**Problem to solve:** Find and return every line of the data that contains the word "from".

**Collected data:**
-.-.-

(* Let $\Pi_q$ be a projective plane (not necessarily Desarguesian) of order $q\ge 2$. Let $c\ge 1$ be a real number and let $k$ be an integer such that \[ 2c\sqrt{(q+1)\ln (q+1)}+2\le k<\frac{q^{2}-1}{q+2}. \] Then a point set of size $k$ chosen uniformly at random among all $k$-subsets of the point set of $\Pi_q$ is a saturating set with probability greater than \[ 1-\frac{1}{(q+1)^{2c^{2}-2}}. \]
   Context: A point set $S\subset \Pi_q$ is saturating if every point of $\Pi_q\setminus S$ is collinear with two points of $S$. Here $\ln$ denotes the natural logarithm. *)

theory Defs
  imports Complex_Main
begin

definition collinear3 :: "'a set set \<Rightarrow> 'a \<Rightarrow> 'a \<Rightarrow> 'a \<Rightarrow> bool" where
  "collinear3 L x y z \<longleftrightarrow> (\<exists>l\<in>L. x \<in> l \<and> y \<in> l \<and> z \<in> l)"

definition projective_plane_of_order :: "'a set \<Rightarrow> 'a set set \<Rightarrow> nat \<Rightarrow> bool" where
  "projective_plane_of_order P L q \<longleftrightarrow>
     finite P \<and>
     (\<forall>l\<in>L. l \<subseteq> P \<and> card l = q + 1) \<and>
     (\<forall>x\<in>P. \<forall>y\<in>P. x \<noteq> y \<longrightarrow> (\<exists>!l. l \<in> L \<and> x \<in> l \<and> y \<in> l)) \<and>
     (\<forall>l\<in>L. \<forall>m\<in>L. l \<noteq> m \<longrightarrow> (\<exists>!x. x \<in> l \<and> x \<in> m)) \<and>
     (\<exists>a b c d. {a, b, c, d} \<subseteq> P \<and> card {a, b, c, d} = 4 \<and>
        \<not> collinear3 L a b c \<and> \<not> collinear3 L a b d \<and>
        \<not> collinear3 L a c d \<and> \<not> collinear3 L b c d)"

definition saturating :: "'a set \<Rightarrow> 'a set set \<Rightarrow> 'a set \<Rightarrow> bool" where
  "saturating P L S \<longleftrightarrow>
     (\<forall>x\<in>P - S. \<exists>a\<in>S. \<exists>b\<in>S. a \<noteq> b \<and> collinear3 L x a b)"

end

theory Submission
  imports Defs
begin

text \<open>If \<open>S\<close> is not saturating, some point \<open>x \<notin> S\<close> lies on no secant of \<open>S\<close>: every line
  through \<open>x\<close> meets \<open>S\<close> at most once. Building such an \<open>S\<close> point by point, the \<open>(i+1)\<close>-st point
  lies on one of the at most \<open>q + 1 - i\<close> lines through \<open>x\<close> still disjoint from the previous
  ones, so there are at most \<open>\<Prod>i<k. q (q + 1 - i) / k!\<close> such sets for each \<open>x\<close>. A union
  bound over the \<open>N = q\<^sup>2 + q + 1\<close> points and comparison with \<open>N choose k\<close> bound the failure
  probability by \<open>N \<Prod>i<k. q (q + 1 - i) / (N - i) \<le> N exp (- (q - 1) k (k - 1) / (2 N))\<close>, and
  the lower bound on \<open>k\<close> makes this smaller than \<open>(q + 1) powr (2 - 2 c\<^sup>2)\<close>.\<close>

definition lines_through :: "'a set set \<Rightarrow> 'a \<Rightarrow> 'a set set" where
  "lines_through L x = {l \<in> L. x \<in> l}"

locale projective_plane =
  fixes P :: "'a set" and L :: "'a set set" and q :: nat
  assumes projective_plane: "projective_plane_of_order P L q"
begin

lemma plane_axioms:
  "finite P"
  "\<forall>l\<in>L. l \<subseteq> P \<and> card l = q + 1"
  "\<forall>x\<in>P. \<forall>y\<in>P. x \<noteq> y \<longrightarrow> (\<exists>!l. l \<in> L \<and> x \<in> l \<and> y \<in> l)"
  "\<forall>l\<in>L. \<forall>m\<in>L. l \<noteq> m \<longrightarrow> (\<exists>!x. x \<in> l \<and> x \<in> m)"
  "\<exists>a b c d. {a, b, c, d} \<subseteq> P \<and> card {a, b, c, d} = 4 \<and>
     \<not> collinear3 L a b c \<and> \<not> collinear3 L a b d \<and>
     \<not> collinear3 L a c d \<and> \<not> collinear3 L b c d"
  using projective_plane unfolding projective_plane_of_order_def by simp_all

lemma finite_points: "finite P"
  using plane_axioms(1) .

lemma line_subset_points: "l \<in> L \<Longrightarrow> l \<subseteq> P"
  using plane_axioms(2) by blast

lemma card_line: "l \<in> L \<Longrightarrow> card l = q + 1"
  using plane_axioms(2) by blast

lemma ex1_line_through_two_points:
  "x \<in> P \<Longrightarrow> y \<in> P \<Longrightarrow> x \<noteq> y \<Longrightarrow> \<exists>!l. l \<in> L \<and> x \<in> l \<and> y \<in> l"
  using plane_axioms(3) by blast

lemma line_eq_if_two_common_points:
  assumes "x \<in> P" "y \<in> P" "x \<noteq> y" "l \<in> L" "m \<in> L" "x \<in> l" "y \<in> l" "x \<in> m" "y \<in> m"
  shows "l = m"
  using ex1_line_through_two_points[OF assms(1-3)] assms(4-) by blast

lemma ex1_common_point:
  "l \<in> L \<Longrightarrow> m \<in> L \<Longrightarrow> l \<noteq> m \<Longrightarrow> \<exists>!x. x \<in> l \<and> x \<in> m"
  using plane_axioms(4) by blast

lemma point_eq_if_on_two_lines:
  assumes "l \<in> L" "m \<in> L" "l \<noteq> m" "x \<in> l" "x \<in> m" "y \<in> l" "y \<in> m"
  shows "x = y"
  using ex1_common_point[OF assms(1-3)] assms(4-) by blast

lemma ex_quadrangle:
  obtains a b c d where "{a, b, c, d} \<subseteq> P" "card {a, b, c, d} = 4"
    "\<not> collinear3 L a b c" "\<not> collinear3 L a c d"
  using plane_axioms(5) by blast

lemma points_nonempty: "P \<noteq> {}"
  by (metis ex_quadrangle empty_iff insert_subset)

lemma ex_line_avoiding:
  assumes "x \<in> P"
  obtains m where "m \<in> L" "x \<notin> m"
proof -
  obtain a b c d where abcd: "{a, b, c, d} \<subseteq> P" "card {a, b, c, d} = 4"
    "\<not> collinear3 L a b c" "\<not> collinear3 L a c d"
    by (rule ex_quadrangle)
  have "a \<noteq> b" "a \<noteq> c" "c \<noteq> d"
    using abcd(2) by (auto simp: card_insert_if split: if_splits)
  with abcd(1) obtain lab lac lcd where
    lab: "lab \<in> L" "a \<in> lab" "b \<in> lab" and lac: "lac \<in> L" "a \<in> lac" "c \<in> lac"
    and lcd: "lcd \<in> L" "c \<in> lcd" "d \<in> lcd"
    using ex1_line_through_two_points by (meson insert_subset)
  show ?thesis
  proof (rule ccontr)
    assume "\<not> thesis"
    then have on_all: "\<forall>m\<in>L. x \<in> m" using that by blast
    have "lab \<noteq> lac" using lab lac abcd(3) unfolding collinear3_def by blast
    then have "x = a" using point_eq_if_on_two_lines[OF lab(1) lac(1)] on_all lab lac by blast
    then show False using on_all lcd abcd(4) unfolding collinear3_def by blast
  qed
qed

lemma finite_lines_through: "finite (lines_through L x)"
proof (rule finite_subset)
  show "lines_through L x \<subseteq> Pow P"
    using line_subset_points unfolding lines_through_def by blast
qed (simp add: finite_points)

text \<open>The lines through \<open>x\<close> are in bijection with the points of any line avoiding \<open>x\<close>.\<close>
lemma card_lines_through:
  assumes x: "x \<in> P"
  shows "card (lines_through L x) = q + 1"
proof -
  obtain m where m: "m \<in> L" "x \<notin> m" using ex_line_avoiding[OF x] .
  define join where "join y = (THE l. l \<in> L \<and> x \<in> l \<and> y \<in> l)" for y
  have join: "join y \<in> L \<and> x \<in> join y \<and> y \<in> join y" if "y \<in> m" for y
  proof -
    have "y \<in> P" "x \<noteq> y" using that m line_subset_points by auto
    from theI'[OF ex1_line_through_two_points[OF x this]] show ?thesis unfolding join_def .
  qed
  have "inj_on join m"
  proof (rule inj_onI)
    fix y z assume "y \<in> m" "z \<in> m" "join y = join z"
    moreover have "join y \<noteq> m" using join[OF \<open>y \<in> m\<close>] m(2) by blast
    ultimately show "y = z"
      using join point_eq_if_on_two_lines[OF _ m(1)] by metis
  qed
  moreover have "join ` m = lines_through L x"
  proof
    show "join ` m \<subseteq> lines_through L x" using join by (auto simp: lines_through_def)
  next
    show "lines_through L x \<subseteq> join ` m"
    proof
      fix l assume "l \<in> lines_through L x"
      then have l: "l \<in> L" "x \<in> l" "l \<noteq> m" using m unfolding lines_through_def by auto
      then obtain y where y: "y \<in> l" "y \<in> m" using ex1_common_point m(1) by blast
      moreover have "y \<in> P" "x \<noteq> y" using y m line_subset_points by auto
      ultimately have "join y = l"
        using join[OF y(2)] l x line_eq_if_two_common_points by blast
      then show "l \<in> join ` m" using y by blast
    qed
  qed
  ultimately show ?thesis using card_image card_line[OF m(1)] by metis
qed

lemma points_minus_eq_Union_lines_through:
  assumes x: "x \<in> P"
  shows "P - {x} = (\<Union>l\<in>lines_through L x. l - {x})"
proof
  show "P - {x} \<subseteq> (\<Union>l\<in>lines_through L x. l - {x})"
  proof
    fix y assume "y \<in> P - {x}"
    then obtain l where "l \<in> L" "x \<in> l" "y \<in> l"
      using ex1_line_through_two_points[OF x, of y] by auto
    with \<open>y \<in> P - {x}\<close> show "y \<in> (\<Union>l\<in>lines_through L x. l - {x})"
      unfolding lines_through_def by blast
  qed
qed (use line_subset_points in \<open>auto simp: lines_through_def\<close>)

-.-.-

**Reply:**
  lies on one of the at most \<open>q + 1 - i\<close> lines through \<open>x\<close> still disjoint from the previous
    from theI'[OF ex1_line_through_two_points[OF x this]] show ?thesis unfolding join_def .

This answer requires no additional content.